I don’t even trust the Met Office to provide accurate data I think we are going the same way as Australia and are adjusting our data , the Met Office are hiring only climate activists in my opinion.
The North Sea Flood in 1953 took 2,500 lives in England Scotland Netherlands Belgium and at sea:
https://www.thehistorypress.co.uk/articles/the-devastating-storm-of-1953/
Instead of wailing and gnashing of teeth about CC™ in those days they set about “… major rethinking of coastal defences, weather prediction and warning systems …”, a rational response that seems quite beyond current incumbents.
I forgot to add that the atmospheric CO2 concentration at the time was around 310 ppm.
Nowadays they abandon coastal defence and say they have to let the “rising sea levels” do their worst.
“The great storm of 1859”
https://www.bbc.co.uk/blogs/wales/entries/d1d897e9-d2b2-3e31-82bd-16c023ce44d5
Thousands of storms have pounded the Welsh coast over the years, but none of them was wilder, more magnificent or more deadly than the great storm of 1859.
Might help if they stopped giving “storms” (i.e. a bit of wind and rain) silly names. Wish they’d grow up. Once upon a time we had weather. Now we have hysteria. I’m in far north of Scotland, as far as can go without falling off is how I normally describe it, nothing much happening here but weather is normally fairly temperate compared with further south. Hope that’s not tempting Providence as gritters were out this evening.
The naming of storms was introduced to be part of the propaganda offensive. Future headlines will be saying “the number of named storms has increased dramatically in the last xyz years”.

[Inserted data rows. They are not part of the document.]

text \<open>By continuity: F kills the truncations of a, and these converge to a.\<close>

lemma bounded_op_eq_0_on_zpowH2:
  assumes "bounded_op F" and "\<forall>m\<ge>n. F (zpow m) = (\<lambda>_. 0)" and "a \<in> zpowH2 n"
  shows "F a = (\<lambda>_. 0)"
proof -
  obtain K where K: "\<And>b. b \<in> H2 \<Longrightarrow> h2_norm (F b) \<le> K * h2_norm b"
    using bounded_op_bound_pos[OF assms(1)] by blast
  define t where "t N = (\<lambda>k. if k < N then a k else 0)" for N
  define r where "r N = (\<lambda>k. if k < N then 0 else a k)" for N
  have aH: "a \<in> H2"
    using assms(3) by (simp add: zpowH2_def)
  have tH: "t N \<in> H2" and rH: "r N \<in> H2" for N
    by (rule H2_if_norm_le[OF aH], simp add: t_def r_def)+
  have "F a = F (r N)" if "n \<le> N" for N
  proof -
    have "a = sadd (t N) (r N)"
      by (auto simp: t_def r_def sadd_def)
    then have "F a = sadd (F (t N)) (F (r N))"
      using bounded_op_sadd[OF assms(1) tH rH] by simp
    then show ?thesis
      using bounded_op_truncation_eq_0[OF assms that] by (simp add: t_def sadd_def)
  qed
  then have "\<forall>N\<ge>n. h2_norm (F a) \<le> K * h2_norm (r N)"
    using K[OF rH] by auto
  moreover have "(\<lambda>N. K * h2_norm (r N)) \<longlonglongrightarrow> 0"
    using tendsto_mult_right_zero[OF h2_norm_tail_tendsto_0[OF aH], of K] by (simp add: r_def)
  ultimately have "h2_norm (F a) \<le> 0"
    by (intro LIMSEQ_le_const[of _ 0]) auto
  moreover have "F a \<in> H2"
    using bounded_op_H2[OF assms(1) aH] .
  ultimately show ?thesis
    using h2_norm_nonneg[of "F a"] h2_norm_eq_0_imp[of "F a"] by simp
qed

lemma h2_closureI:
  "a \<in> H2 \<Longrightarrow> (\<And>e. e > 0 \<Longrightarrow> \<exists>b\<in>A. h2_norm (ssub a b) < e) \<Longrightarrow> a \<in> h2_closure A"
  unfolding h2_closure_def by blast

lemma h2_closureD:
  "a \<in> h2_closure A \<Longrightarrow> e > 0 \<Longrightarrow> \<exists>b\<in>A. h2_norm (ssub a b) < e"
  unfolding h2_closure_def by blast

lemma h2_closure_subset_H2: "h2_closure A \<subseteq> H2"
  unfolding h2_closure_def by blast

lemma h2_closure_superset: "A \<subseteq> H2 \<Longrightarrow> A \<subseteq> h2_closure A"
  unfolding h2_closure_def by (force simp: ssub_def h2_norm_zero)

lemma h2_closure_mono: "A \<subseteq> B \<Longrightarrow> h2_closure A \<subseteq> h2_closure B"
  unfolding h2_closure_def by blast

lemma h2_closure_idem:
  assumes "A \<subseteq> H2"
  shows "h2_closure (h2_closure A) \<subseteq> h2_closure A"
proof
  fix a
  assume a: "a \<in> h2_closure (h2_closure A)"
  then have aH: "a \<in> H2"
    using h2_closure_subset_H2 by blast
  show "a \<in> h2_closure A"
  proof (rule h2_closureI[OF aH])
    fix e :: real
    assume "e > 0"
    then have e2: "e / 2 > 0"
      by simp
    obtain b where b: "b \<in> h2_closure A" "h2_norm (ssub a b) < e / 2"
      using h2_closureD[OF a e2] by blast
    obtain c where c: "c \<in> A" "h2_norm (ssub b c) < e / 2"
      using h2_closureD[OF b(1) e2] by blast
    have "b \<in> H2" and "c \<in> H2"
      using b(1) c(1) h2_closure_subset_H2 assms by blast+
    then have "h2_norm (ssub a c) < e"
      using h2_norm_ssub_triangle[OF aH] b(2) c(2) by fastforce
    then show "\<exists>c\<in>A. h2_norm (ssub a c) < e"
      using c by blast
  qed
qed
(* Let $\lambda,d\ge0$ and let $\mu\ge1$ be an integer. Let $u\in\Gamma^*$ be a $\mu$-locally $(\lambda,d)$-quasi-geodesic word in $G$. Then there is a word $v\in\Gamma^*$ of length less than $|\Gamma|^\mu$ such that for all $x,y\in\Gamma^*$ the word $xuy$ is $\mu$-locally $(\lambda,d)$-quasi-geodesic if and only if $xvy$ is $\mu$-locally $(\lambda,d)$-quasi-geodesic. Moreover, if $u\ne v$ then $|v|\ge\mu-1$.
   Context: $G$ is a torsion-free non-elementary $\delta$-hyperbolic group generated by a finite set $\Sigma\subseteq G\setminus\{1\}$; $\Gamma=\Sigma\cup\bar\Sigma$ where $\bar\Sigma=\Sigma^{-1}$ is regarded as a disjoint copy of $\Sigma$, and $\pi:\Gamma^*\to G$ is the canonical morphism. For $w\in\Gamma^*$, $|w|$ is its length and $|w|_G$ is the length of a shortest word $u$ with $\pi(u)=\pi(w)$. A word $w$ is $(\lambda,d)$-quasi-geodesic if every factor $u$ of $w$ satisfies $|u|\le\lambda|u|_G+d$; it is $\mu$-locally $(\lambda,d)$-quasi-geodesic if every factor of $w$ of length at most $\mu$ is $(\lambda,d)$-quasi-geodesic. *)

theory Defs
  imports "HOL-Algebra.Algebra"
begin

text \<open>Alphabet Gamma = Sigma disjoint-union Sigma-bar, encoded as Sigma <+> Sigma:
  Inl s stands for s, Inr s stands for the formal inverse letter of s.\<close>

definition alphabet :: "'a set \<Rightarrow> ('a + 'a) set" where
  "alphabet S = S <+> S"

fun letter_val :: "('a, 'b) monoid_scheme \<Rightarrow> ('a + 'a) \<Rightarrow> 'a" where
  "letter_val G (Inl s) = s"
| "letter_val G (Inr s) = inv\<^bsub>G\<^esub> s"

definition word_eval :: "('a, 'b) monoid_scheme \<Rightarrow> ('a + 'a) list \<Rightarrow> 'a" where
  "word_eval G w = foldr (\<lambda>c acc. letter_val G c \<otimes>\<^bsub>G\<^esub> acc) w \<one>\<^bsub>G\<^esub>"

definition elem_len :: "('a, 'b) monoid_scheme \<Rightarrow> 'a set \<Rightarrow> 'a \<Rightarrow> nat" where
  "elem_len G S g = (LEAST n. \<exists>u \<in> lists (alphabet S). length u = n \<and> word_eval G u = g)"

definition geo_len :: "('a, 'b) monoid_scheme \<Rightarrow> 'a set \<Rightarrow> ('a + 'a) list \<Rightarrow> nat" where
  "geo_len G S w = elem_len G S (word_eval G w)"

definition is_factor :: "'c list \<Rightarrow> 'c list \<Rightarrow> bool" where
  "is_factor f w \<longleftrightarrow> (\<exists>p s. w = p @ f @ s)"

definition quasi_geodesic ::
  "('a, 'b) monoid_scheme \<Rightarrow> 'a set \<Rightarrow> real \<Rightarrow> real \<Rightarrow> ('a + 'a) list \<Rightarrow> bool" where
  "quasi_geodesic G S lam d w \<longleftrightarrow>
     (\<forall>f. is_factor f w \<longrightarrow> real (length f) \<le> lam * real (geo_len G S f) + d)"

definition locally_quasi_geodesic ::
  "('a, 'b) monoid_scheme \<Rightarrow> 'a set \<Rightarrow> nat \<Rightarrow> real \<Rightarrow> real \<Rightarrow> ('a + 'a) list \<Rightarrow> bool" where
  "locally_quasi_geodesic G S mu lam d w \<longleftrightarrow>
     (\<forall>f. is_factor f w \<and> length f \<le> mu \<longrightarrow> quasi_geodesic G S lam d f)"

definition word_dist :: "('a, 'b) monoid_scheme \<Rightarrow> 'a set \<Rightarrow> 'a \<Rightarrow> 'a \<Rightarrow> real" where
  "word_dist G S g h = real (elem_len G S (inv\<^bsub>G\<^esub> g \<otimes>\<^bsub>G\<^esub> h))"

definition gromov_product ::
  "('a, 'b) monoid_scheme \<Rightarrow> 'a set \<Rightarrow> 'a \<Rightarrow> 'a \<Rightarrow> 'a \<Rightarrow> real" where
  "gromov_product G S w x y =
     (word_dist G S w x + word_dist G S w y - word_dist G S x y) / 2"

definition hyperbolic_wrt :: "('a, 'b) monoid_scheme \<Rightarrow> 'a set \<Rightarrow> real \<Rightarrow> bool" where
  "hyperbolic_wrt G S \<delta> \<longleftrightarrow> \<delta> \<ge> 0 \<and>
     (\<forall>w\<in>carrier G. \<forall>x\<in>carrier G. \<forall>y\<in>carrier G. \<forall>z\<in>carrier G.
        gromov_product G S w x y \<ge>
          min (gromov_product G S w x z) (gromov_product G S w y z) - \<delta>)"

definition torsion_free :: "('a, 'b) monoid_scheme \<Rightarrow> bool" where
  "torsion_free G \<longleftrightarrow>
     (\<forall>g\<in>carrier G. g \<noteq> \<one>\<^bsub>G\<^esub> \<longrightarrow> (\<forall>n::nat. n > 0 \<longrightarrow> g [^]\<^bsub>G\<^esub> n \<noteq> \<one>\<^bsub>G\<^esub>))"

text \<open>Virtually cyclic: has a cyclic subgroup of finite index (includes finite groups).
  A hyperbolic group is elementary iff it is virtually cyclic.\<close>
definition virtually_cyclic :: "('a, 'b) monoid_scheme \<Rightarrow> bool" where
  "virtually_cyclic G \<longleftrightarrow>
     (\<exists>g\<in>carrier G. finite (rcosets\<^bsub>G\<^esub> (generate G {g})))"

end

theory Submission
  imports Defs "HOL-Library.Sublist"
begin

text \<open>Being \<open>\<mu>\<close>-locally quasi-geodesic is a property of the factors of length at most \<open>\<mu>\<close>,
  and when \<open>|w| = \<mu> - 1\<close> every such factor of \<open>a w b\<close> lies inside \<open>a w\<close> or inside \<open>w b\<close>.
  Hence if a window \<open>w\<close> of length \<open>\<mu> - 1\<close> occurs twice in \<open>u\<close>, cutting out the loop between
  the two occurrences does not change for which \<open>x, y\<close> the word \<open>x u y\<close> is locally
  quasi-geodesic. A word of length at least \<open>|\<Gamma>|\<^bsup>\<mu> - 1\<^esup> + \<mu> - 1\<close> has more windows than there are
  words of length \<open>\<mu> - 1\<close>, so it contains such a loop; cutting loops until the word is short
  yields \<open>v\<close>. The argument is purely combinatorial: of the hypotheses on \<open>G\<close> only
  non-elementarity is used, to guarantee \<open>\<Sigma> \<noteq> {}\<close> and hence \<open>|\<Gamma>|\<^bsup>\<mu> - 1\<^esup> + \<mu> - 1 \<le> |\<Gamma>|\<^bsup>\<mu>\<^esup>\<close>.\<close>

definition locally_satisfies :: "('c list \<Rightarrow> bool) \<Rightarrow> nat \<Rightarrow> 'c list \<Rightarrow> bool" where
  "locally_satisfies P mu w \<longleftrightarrow> (\<forall>f. sublist f w \<and> length f \<le> mu \<longrightarrow> P f)"

lemma is_factor_eq_sublist: "is_factor = sublist"
  by (simp add: fun_eq_iff is_factor_def sublist_def)

lemma locally_quasi_geodesic_eq_locally_satisfies:
  "locally_quasi_geodesic G S mu lam d = locally_satisfies (quasi_geodesic G S lam d) mu"
  by (simp add: fun_eq_iff locally_quasi_geodesic_def locally_satisfies_def is_factor_eq_sublist)

lemma locally_satisfies_sublist:
  "locally_satisfies P mu w \<Longrightarrow> sublist f w \<Longrightarrow> locally_satisfies P mu f"
  unfolding locally_satisfies_def using sublist_order.order.trans by blast

lemma sublist_short_append_middle:
  assumes "sublist f (a @ w @ b)" "length f \<le> length w + 1"
  shows "sublist f (a @ w) \<or> sublist f (w @ b)"
proof -
  obtain p s where fs: "a @ w @ b = p @ f @ s"
    using assms(1) unfolding sublist_def by blast
  show ?thesis
  proof (cases "length p + length f \<le> length a + length w")
    case True
    have "a @ w = take (length a + length w) (p @ f @ s)"
      by (metis fs append.assoc append_eq_conv_conj length_append)
    also have "\<dots> = p @ f @ take (length a + length w - (length p + length f)) s"
      using True by simp
    finally show ?thesis by auto
  next
    case False
    then have "length a \<le> length p"
      using assms(2) by linarith
    have "w @ b = drop (length a) (p @ f @ s)"
      by (metis fs append_eq_conv_conj)
    also have "\<dots> = drop (length a) p @ f @ s"
      using \<open>length a \<le> length p\<close> by simp
    finally show ?thesis by auto
  qed
qed

lemma locally_satisfies_append_iff:
  assumes "mu \<le> length w + 1"
  shows "locally_satisfies P mu (a @ w @ b) \<longleftrightarrow>
         locally_satisfies P mu (a @ w) \<and> locally_satisfies P mu (w @ b)"
proof
  assume "locally_satisfies P mu (a @ w @ b)"
  then show "locally_satisfies P mu (a @ w) \<and> locally_satisfies P mu (w @ b)"
    by (metis append.assoc locally_satisfies_sublist sublist_append_leftI sublist_append_rightI)
next
  assume "locally_satisfies P mu (a @ w) \<and> locally_satisfies P mu (w @ b)"
  then show "locally_satisfies P mu (a @ w @ b)"
    using sublist_short_append_middle[of _ a w b] assms
    unfolding locally_satisfies_def by fastforce
qed

text \<open>The loop \<open>c\<close> leads from an occurrence of the window \<open>w\<close> back to an occurrence of \<open>w\<close>;
  the two occurrences may overlap, which is why \<open>c w = w e\<close> replaces the naive \<open>c = w s\<close>.\<close>

lemma locally_satisfies_cut_loop:
  assumes "mu \<le> length w + 1" and loop: "c @ w = w @ e" "locally_satisfies P mu (c @ w)"
  shows "locally_satisfies P mu (a @ c @ w @ b) \<longleftrightarrow> locally_satisfies P mu (a @ w @ b)"
proof -
  have split_loop: "a @ c @ w @ b = a @ w @ (e @ b)" "c @ w @ b = w @ e @ b"
    using loop(1) by (metis append.assoc)+
  have "locally_satisfies P mu (a @ c @ w @ b) \<longleftrightarrow>
        locally_satisfies P mu (a @ w) \<and> locally_satisfies P mu (c @ w @ b)"
    unfolding split_loop using locally_satisfies_append_iff[OF assms(1)] by blast
  also have "\<dots> \<longleftrightarrow> locally_satisfies P mu (a @ w) \<and> locally_satisfies P mu (w @ b)"
    using locally_satisfies_append_iff[OF assms(1), of P c b] loop(2) by blast
  also have "\<dots> \<longleftrightarrow> locally_satisfies P mu (a @ w @ b)"
    using locally_satisfies_append_iff[OF assms(1)] by blast
  finally show ?thesis .
qed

The Met Office seems to have caught the same disease as the BBC – ‘exaggeration is the watchword, so let’s bring some fear to the masses and let them see that their perception of the truth is way out of line with what we want them to believe’. I too remember the floods of 1953, and indeed the winter of 1947, when we were fortunate (?) to have plenty of German prisoners of war who came every day and dug our house out of the snow and enabled my father to go to work and my siblings to go to school (no, the schools didn’t close just because there was 5ft of snow on the road through to our village in South Yorkshire). To be claiming anything as the worst of the century when we have only been in this century for a fifth of its span is being rather fanciful in my opinion.
The Met Office weather station at the Needles is on top of a brick building within the Needles Old Battery…this from the Victorian Forts data sheet…”It is a barbette battery built on the projecting point of the chalk ridge above the Needles Rocks, at an elevation of 254 feet above sea level. “
The Met Office were right about one thing. The weather system had a continental scale, covering much of Europe, and generating surplus wind energy that caused electricity prices to go negative across much of it too. No system of interconnectors can solve that.
See for example here:
https://www.energy-charts.de/price.htm?year=2020&auction=15m&month=2
You can’t help but notice the difference between the coast, inland and even London if you look at the wind speed layer on the models on ventusky. There is probably a difference with high ground but I tend to only look at my SE corner of the country.
If you read Jo Nova’s excellent Down Under site then you will be aware that the Australian records are basically worthless now. The Met O is working its way down with dodgy sites for records and parking ice cream vans near by.